F2 The shares are held of record by Greylock XIV Limited Partnership, or Greylock XIV LP. Greylock XIV GP LLC, or Greylock XIV GP, is the general partner of Greylock XIV LP. Greylock XIV GP may be deemed to share voting and dispositive power with regard to the shares held directly by Greylock XIV LP and may be deemed to have indirect beneficial ownership of an indeterminate number of such shares. The Reporting Person is one of the managing members of Greylock XIV GP, and may be deemed to share voting and investment power over the shares held by Greylock XIV LP. The Reporting Person disclaims beneficial ownership of these shares and this report shall not be deemed an admission that he is the beneficial owner of such shares, except to the extent of his pecuniary interest, if any.
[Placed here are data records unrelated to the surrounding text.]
(* Let $\lambda\in(\frac16,\frac56)$ and $x\in[0,1]\setminus\mathcal E$. Suppose there is a finite $p\ge0$ with $\beta_{1,2}(x,p)=0$ and $\beta_{1,2}(x,p+1)=1$. Then $m_0(x)=\dots=m_p(x)=0$, $m_{p+1}(x)=6\lambda$ if $u_p(x)=1$ and $m_{p+1}(x)=-6\lambda$ if $u_p(x)=2$, and for all $n\ge p+1$: $m_{n+1}(x)=m_n(x)$ if $u_n(x)\in\{0,3\}$; $m_{n+1}(x)=\mathrm{sgn}(m_n(x))\big(|m_n(x)|+6\lambda\sqrt{1+m_n(x)^2}\big)$ if $u_n(x)=1$; $m_{n+1}(x)=\mathrm{sgn}(m_n(x))\big(|m_n(x)|-6\lambda\sqrt{1+m_n(x)^2}\big)$ if $u_n(x)=2$.
   Context: Construction: $F^\lambda_0\equiv0$ on $[0,1]$ (one interval of generation $0$). Given $F^\lambda_n$ with its $4^n$ closed intervals of generation $n$ (covering $[0,1]$, disjoint interiors, $F^\lambda_n$ affine on each), on each interval $[a,b]$ of generation $n$, with $\ell=b-a$ and slope $m$, $F^\lambda_{n+1}$ coincides with $F^\lambda_n$ at $a,a+\ell/3,a+2\ell/3,b$, equals $F^\lambda_n(a+\ell/2)+\lambda\ell\sqrt{1+m^2}$ at $a+\ell/2$, and is affine on $[a,a+\ell/3],[a+\ell/3,a+\ell/2],[a+\ell/2,a+2\ell/3],[a+2\ell/3,b]$. Dynamics: $T(x)=3x$ on $[0,\frac13)$, $6x-2$ on $[\frac13,\frac12)$, $4-6x$ on $[\frac12,\frac23)$, $3x-2$ on $[\frac23,1]$; $U(x)=0,1,2,3$ on these intervals respectively; $u_n(x)=U(T^nx)$; $\beta_i(x,n)=\#\{k<n:u_k(x)=i\}$, $\beta_{1,2}=\beta_1+\beta_2$. $\mathcal E$ is the set of $x$ whose digit sequence $(u_n(x))$ is eventually constantly $0$ or eventually constantly $3$; for $x\notin\mathcal E$, $F^\lambda_n$ is differentiable at $x$ and $m_n(x)$ is its slope at $x$. *)

theory Defs
  imports "HOL-Analysis.Analysis"
begin
(* Let $G$ be a unit square graph with realization $f$, let $\mathcal{P}$ be a clique-partition of $V(G)$, and let $\simeq$ be as defined in the context. Then for every $\simeq$-equivalence class $\mathcal{C}\subseteq\mathcal{M}(G)$ there is $b\in\{-1,1\}$ such that for all distinct $C,D\in\mathcal{C}$: every element of $z_f(C)_1$ is smaller than every element of $z_f(D)_1$ if and only if every element of $b\cdot z_f(C)_2$ is smaller than every element of $b\cdot z_f(D)_2$ (where $b\cdot S=\{bs\mid s\in S\}$).
   Context: A realization of $G$ is $f\colon V(G)\to\mathbb{R}^2$ with $vw\in E(G)$ iff $\|f(v)-f(w)\|_\infty\le1$ for distinct $v,w$; a unit square graph is a graph with a realization. A clique-partition is a partition of $V(G)$ into cliques. $\mathcal{M}(G)$ is the set of maximal cliques. $G^*_{\mathcal{M}}$ is the graph on $V(G)\sqcup\mathcal{M}(G)$ with edge set $E(G)\cup\{vC\mid C\in\mathcal{M}(G),v\in C\}$. A partition $\mathcal{Q}$ of the vertex set of a graph $H$ is stable if for all $X,Y\in\mathcal{Q}$ and $v,w\in X$, $|N_H(v)\cap Y|=|N_H(w)\cap Y|$. $\simeq$ is the equivalence relation whose classes form the coarsest partition of $V(G)\cup\mathcal{M}(G)$ that is stable with respect to $G^*_{\mathcal{M}}$ and refines $\mathcal{P}\cup\{\mathcal{M}(G)\}$. The center of a maximal clique $C$ is $z_f(C)=\{p\in\mathbb{R}^2\mid\forall v\in C:\|f(v)-p\|_\infty\le\tfrac12\}$ (a nonempty axis-parallel rectangle), and $z_f(C)_i$ is its projection to coordinate $i$; for distinct $\simeq$-equivalent maximal cliques these projections are disjoint intervals. *)

theory Defs
  imports Complex_Main "HOL-Library.Disjoint_Sets"
begin

definition graph :: "'a set \<Rightarrow> ('a \<Rightarrow> 'a \<Rightarrow> bool) \<Rightarrow> bool" where
  "graph V E \<longleftrightarrow> finite V \<and> (\<forall>v w. E v w \<longrightarrow> v \<in> V \<and> w \<in> V) \<and>
     (\<forall>v w. E v w \<longrightarrow> E w v) \<and> (\<forall>v. \<not> E v v)"

definition dist_inf :: "real \<times> real \<Rightarrow> real \<times> real \<Rightarrow> real" where
  "dist_inf p q = max \<bar>fst p - fst q\<bar> \<bar>snd p - snd q\<bar>"

definition realization :: "'a set \<Rightarrow> ('a \<Rightarrow> 'a \<Rightarrow> bool) \<Rightarrow> ('a \<Rightarrow> real \<times> real) \<Rightarrow> bool" where
  "realization V E f \<longleftrightarrow>
     (\<forall>v\<in>V. \<forall>w\<in>V. v \<noteq> w \<longrightarrow> (E v w \<longleftrightarrow> dist_inf (f v) (f w) \<le> 1))"

definition clique :: "'a set \<Rightarrow> ('a \<Rightarrow> 'a \<Rightarrow> bool) \<Rightarrow> 'a set \<Rightarrow> bool" where
  "clique V E C \<longleftrightarrow> C \<subseteq> V \<and> (\<forall>v\<in>C. \<forall>w\<in>C. v \<noteq> w \<longrightarrow> E v w)"

definition max_cliques :: "'a set \<Rightarrow> ('a \<Rightarrow> 'a \<Rightarrow> bool) \<Rightarrow> 'a set set" where
  "max_cliques V E = {C. clique V E C \<and> (\<forall>D. clique V E D \<and> C \<subseteq> D \<longrightarrow> D = C)}"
F3 The shares are held of record by Greylock XIV-A Limited Partnership, or Greylock XIV-A LP. Greylock XIV GP is the general partner of Greylock XIV-A LP. Greylock XIV GP may be deemed to share voting and dispositive power with regard to the shares held directly by Greylock XIV-A LP and may be deemed to have indirect beneficial ownership of an indeterminate number of such shares. The Reporting Person is one of the managing members of Greylock XIV GP, and may be deemed to share voting and investment power over the shares held by Greylock XIV-A LP. The Reporting Person disclaims beneficial ownership of these shares and this report shall not be deemed an admission that he is the beneficial owner of such shares, except to the extent of his pecuniary interest, if any.
F4 The shares are held of record by Greylock XIV Principals LLC, or Greylock XIV Principals. Greylock XIV GP is the manager of Greylock XIV Principals. Greylock XIV GP may be deemed to share voting and dispositive power with regard to the shares held directly by Greylock XIV Principals and may be deemed to have indirect beneficial ownership of an indeterminate number of such shares. The Reporting Person is one of the managing members of Greylock XIV GP, and may be deemed to share voting and investment power over the shares held by Greylock XIV Principals. The Reporting Person disclaims beneficial ownership of these shares and this report shall not be deemed an admission that he is the beneficial owner of such shares, except to the extent of his pecuniary interest, if any.
F5 Represents (i) 268,999 shares of Class A Common Stock acquired by the Reporting Person in a distribution by Greylock XIV Limited Partnership for no consideration and (ii) 14,944 shares of Class A Common Stock acquired by the Reporting Person in a distribution by Greylock XIV-A Limited Partnership for no consideration. All of the aforementioned distributions were made in accordance with the exemptions afforded by Rules 16a-9 and 16a-13 of the Securities Exchange Act of 1934, as amended.
F6 Represents 2,324 shares of Class A Common Stock acquired by the Reporting Person in a distribution by Greylock XIV Principals, LLC for no consideration in accordance with the exemptions afforded by Rules 16a-9 and 16a-13 of the Securities Exchange Act of 1934, as amended.
F7 Represents 11,621 shares of Class A Common Stock acquired by the Reporting Person in a distribution by Greylock XIV Principals, LLC for no consideration in accordance with the exemptions afforded by Rules 16a-9 and 16a-13 of the Securities Exchange Act of 1934, as amended.